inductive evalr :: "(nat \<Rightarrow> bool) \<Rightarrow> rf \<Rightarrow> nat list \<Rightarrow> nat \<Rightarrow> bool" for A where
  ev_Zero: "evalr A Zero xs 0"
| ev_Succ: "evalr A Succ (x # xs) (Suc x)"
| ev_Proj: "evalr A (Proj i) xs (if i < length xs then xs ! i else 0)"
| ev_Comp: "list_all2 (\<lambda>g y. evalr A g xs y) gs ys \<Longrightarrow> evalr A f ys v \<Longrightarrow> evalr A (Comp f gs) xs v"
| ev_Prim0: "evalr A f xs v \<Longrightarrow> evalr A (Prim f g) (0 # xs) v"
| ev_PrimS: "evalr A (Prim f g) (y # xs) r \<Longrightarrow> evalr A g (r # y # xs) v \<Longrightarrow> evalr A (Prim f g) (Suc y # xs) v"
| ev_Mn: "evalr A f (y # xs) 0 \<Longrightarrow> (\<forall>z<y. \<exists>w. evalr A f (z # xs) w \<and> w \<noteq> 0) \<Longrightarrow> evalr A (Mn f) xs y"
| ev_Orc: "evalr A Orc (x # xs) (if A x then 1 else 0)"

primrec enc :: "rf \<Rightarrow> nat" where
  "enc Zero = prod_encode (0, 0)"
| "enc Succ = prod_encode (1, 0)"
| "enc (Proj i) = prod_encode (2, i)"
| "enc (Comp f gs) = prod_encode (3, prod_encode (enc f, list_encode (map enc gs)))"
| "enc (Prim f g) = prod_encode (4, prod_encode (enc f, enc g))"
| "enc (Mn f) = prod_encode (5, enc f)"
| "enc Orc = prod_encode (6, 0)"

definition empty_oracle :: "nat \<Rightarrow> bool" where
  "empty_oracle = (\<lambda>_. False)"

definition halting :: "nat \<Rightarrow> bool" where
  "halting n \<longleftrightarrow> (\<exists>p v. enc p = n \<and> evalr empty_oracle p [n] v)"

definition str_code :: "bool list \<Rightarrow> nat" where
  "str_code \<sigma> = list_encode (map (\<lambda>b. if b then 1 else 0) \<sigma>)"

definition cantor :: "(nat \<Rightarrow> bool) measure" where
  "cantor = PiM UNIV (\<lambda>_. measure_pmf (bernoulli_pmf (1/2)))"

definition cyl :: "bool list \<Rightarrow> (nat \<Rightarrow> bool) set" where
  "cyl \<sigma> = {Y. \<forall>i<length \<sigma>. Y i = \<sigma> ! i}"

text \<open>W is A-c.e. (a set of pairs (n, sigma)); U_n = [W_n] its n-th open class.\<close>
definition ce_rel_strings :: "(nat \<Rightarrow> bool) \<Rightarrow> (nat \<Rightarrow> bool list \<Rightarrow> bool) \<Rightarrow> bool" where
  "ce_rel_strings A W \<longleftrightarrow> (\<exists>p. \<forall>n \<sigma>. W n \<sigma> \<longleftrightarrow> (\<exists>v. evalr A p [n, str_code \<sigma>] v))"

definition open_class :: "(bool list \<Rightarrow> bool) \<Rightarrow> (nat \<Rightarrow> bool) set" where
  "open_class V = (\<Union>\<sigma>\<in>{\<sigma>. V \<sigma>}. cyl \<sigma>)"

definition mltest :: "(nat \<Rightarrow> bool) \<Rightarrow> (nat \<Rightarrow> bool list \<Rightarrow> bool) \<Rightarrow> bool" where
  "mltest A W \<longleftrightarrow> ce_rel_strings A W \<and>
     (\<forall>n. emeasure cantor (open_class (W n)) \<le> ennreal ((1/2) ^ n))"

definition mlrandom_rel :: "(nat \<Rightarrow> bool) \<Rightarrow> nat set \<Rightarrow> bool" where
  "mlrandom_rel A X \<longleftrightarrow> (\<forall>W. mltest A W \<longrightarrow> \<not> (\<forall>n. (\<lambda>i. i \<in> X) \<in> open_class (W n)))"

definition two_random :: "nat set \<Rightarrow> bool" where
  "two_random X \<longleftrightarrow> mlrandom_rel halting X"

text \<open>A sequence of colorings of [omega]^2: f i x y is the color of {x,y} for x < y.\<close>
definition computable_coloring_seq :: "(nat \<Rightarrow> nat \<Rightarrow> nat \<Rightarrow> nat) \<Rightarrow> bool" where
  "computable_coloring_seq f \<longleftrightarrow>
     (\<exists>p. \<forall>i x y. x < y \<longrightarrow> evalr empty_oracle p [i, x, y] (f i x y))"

* * *

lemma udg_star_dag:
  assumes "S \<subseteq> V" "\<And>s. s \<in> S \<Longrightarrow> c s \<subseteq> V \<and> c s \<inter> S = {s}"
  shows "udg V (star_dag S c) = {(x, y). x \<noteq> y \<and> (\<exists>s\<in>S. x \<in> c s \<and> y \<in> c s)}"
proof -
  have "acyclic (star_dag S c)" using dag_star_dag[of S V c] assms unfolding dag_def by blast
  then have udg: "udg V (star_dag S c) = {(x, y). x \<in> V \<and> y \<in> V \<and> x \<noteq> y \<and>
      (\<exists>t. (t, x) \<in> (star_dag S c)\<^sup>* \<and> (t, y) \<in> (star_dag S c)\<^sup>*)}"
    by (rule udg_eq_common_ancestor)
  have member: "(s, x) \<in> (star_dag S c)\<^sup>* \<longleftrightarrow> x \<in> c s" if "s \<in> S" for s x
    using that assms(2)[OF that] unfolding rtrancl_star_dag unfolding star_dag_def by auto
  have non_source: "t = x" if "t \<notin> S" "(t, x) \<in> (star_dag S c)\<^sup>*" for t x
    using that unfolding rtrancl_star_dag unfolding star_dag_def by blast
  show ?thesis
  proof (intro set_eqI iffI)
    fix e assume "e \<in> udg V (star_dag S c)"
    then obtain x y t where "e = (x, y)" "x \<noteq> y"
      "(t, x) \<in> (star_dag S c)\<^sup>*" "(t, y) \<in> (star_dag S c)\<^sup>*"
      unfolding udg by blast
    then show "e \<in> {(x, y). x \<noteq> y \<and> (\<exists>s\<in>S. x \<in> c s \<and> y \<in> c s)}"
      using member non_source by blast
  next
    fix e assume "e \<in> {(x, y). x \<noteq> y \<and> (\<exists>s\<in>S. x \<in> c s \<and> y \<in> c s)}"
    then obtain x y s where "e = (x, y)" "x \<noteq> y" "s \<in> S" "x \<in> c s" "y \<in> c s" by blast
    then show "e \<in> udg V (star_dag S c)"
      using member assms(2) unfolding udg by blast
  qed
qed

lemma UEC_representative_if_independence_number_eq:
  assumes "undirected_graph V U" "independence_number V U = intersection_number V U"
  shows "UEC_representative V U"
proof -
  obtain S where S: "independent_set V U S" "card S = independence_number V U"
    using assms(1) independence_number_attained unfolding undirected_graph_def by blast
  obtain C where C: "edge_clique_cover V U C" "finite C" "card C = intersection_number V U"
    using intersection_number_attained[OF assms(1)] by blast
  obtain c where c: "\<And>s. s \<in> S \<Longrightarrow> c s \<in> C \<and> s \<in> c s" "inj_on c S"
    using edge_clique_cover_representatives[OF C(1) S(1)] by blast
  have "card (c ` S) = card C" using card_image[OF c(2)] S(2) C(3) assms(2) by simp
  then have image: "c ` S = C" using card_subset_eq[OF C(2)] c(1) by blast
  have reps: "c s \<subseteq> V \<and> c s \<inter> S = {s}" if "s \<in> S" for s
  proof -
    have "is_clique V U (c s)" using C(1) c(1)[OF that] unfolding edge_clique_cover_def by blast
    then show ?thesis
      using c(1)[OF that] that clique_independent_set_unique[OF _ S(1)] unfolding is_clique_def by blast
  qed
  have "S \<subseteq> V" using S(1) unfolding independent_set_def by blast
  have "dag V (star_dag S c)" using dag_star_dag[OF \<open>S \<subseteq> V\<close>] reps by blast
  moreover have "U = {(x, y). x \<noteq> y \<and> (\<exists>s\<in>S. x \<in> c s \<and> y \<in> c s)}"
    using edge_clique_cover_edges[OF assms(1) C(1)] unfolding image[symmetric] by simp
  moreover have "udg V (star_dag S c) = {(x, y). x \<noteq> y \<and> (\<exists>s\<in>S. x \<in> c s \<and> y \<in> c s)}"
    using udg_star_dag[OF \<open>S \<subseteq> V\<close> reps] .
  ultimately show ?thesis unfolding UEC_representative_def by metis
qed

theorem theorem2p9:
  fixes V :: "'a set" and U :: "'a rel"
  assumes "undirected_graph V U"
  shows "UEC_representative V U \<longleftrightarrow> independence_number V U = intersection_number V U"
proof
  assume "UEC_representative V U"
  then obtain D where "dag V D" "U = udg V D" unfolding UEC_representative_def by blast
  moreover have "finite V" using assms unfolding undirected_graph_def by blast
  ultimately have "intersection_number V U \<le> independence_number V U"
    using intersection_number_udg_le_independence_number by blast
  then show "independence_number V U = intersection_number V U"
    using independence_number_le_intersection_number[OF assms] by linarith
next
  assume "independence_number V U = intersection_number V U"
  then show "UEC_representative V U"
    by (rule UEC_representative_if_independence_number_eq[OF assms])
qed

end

==

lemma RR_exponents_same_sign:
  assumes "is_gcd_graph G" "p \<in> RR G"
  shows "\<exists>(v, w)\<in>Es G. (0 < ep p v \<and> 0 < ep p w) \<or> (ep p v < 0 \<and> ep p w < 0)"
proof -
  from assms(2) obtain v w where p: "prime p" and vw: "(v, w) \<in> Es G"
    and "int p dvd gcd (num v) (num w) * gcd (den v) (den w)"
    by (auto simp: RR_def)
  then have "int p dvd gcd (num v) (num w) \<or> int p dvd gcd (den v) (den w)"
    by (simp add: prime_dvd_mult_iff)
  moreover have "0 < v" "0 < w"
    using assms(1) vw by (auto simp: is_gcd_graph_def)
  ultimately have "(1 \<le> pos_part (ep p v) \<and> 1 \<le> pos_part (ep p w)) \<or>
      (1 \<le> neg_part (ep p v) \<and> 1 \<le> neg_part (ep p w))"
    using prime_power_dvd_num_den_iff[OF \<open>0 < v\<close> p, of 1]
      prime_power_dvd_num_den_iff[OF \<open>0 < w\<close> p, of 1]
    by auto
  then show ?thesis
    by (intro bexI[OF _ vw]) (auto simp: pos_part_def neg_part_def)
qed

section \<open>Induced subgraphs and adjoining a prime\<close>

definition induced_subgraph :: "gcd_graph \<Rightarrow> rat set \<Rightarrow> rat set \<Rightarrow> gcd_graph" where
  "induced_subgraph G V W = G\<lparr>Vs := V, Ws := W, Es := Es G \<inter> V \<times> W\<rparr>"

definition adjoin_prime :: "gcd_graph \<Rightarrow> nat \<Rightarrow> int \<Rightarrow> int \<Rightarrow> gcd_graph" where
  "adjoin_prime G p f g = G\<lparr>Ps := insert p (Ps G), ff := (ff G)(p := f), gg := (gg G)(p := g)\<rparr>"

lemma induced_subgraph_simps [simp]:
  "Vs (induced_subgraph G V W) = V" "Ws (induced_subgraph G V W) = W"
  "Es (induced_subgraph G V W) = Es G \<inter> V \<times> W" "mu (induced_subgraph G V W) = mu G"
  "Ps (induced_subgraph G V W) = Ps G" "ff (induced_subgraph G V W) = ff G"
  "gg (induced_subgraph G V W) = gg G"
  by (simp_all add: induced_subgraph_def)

* **Task prompt**: Write out every line in the data that holds the string "cantor".

* **Output of the exercise**:
definition cantor :: "(nat \<Rightarrow> bool) measure" where
  "cantor = PiM UNIV (\<lambda>_. measure_pmf (bernoulli_pmf (1/2)))"
     (\<forall>n. emeasure cantor (open_class (W n)) \<le> ennreal ((1/2) ^ n))"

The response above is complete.